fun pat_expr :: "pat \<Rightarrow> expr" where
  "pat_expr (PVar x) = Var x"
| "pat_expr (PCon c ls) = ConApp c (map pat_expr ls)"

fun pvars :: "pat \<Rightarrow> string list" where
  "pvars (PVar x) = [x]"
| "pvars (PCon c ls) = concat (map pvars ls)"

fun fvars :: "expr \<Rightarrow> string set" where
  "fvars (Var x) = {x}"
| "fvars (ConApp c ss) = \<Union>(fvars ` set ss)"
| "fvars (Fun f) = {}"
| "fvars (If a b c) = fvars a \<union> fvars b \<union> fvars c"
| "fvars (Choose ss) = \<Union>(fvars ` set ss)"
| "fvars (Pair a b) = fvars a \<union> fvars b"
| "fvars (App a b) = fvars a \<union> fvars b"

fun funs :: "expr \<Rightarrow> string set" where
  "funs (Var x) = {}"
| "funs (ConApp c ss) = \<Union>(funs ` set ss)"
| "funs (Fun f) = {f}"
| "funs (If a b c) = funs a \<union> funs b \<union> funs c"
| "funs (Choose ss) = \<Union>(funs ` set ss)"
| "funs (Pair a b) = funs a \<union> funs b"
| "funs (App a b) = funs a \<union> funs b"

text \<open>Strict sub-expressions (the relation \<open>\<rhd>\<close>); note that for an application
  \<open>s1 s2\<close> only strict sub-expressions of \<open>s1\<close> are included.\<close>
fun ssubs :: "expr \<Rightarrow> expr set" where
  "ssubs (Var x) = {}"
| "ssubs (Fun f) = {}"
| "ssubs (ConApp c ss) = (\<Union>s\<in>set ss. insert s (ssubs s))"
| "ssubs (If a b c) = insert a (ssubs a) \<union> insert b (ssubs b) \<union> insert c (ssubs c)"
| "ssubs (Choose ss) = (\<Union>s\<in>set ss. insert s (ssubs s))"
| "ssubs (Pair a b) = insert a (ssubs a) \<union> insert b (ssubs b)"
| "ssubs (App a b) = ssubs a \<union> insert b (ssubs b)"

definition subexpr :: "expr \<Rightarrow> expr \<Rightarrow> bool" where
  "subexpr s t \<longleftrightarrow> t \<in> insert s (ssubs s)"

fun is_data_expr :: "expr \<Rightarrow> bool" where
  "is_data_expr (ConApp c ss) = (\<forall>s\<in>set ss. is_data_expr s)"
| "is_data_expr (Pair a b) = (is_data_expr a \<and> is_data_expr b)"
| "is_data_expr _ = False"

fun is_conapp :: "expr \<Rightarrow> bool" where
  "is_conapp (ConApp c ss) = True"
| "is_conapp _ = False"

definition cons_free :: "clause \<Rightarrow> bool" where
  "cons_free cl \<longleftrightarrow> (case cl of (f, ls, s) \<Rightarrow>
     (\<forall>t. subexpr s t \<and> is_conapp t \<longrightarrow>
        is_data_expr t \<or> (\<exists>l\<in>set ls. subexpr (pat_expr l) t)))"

* * * *

=== Work required ===
Write down exactly the span of lines above from the one containing "(App a b) = fvars" to the one containing "of \<open>s1\<close> are included.\<close>", both ends included.

=== Response box ===
| "fvars (App a b) = fvars a \<union> fvars b"

fun funs :: "expr \<Rightarrow> string set" where
  "funs (Var x) = {}"
| "funs (ConApp c ss) = \<Union>(funs ` set ss)"
| "funs (Fun f) = {f}"
| "funs (If a b c) = funs a \<union> funs b \<union> funs c"
| "funs (Choose ss) = \<Union>(funs ` set ss)"
| "funs (Pair a b) = funs a \<union> funs b"
| "funs (App a b) = funs a \<union> funs b"

text \<open>Strict sub-expressions (the relation \<open>\<rhd>\<close>); note that for an application
  \<open>s1 s2\<close> only strict sub-expressions of \<open>s1\<close> are included.\<close>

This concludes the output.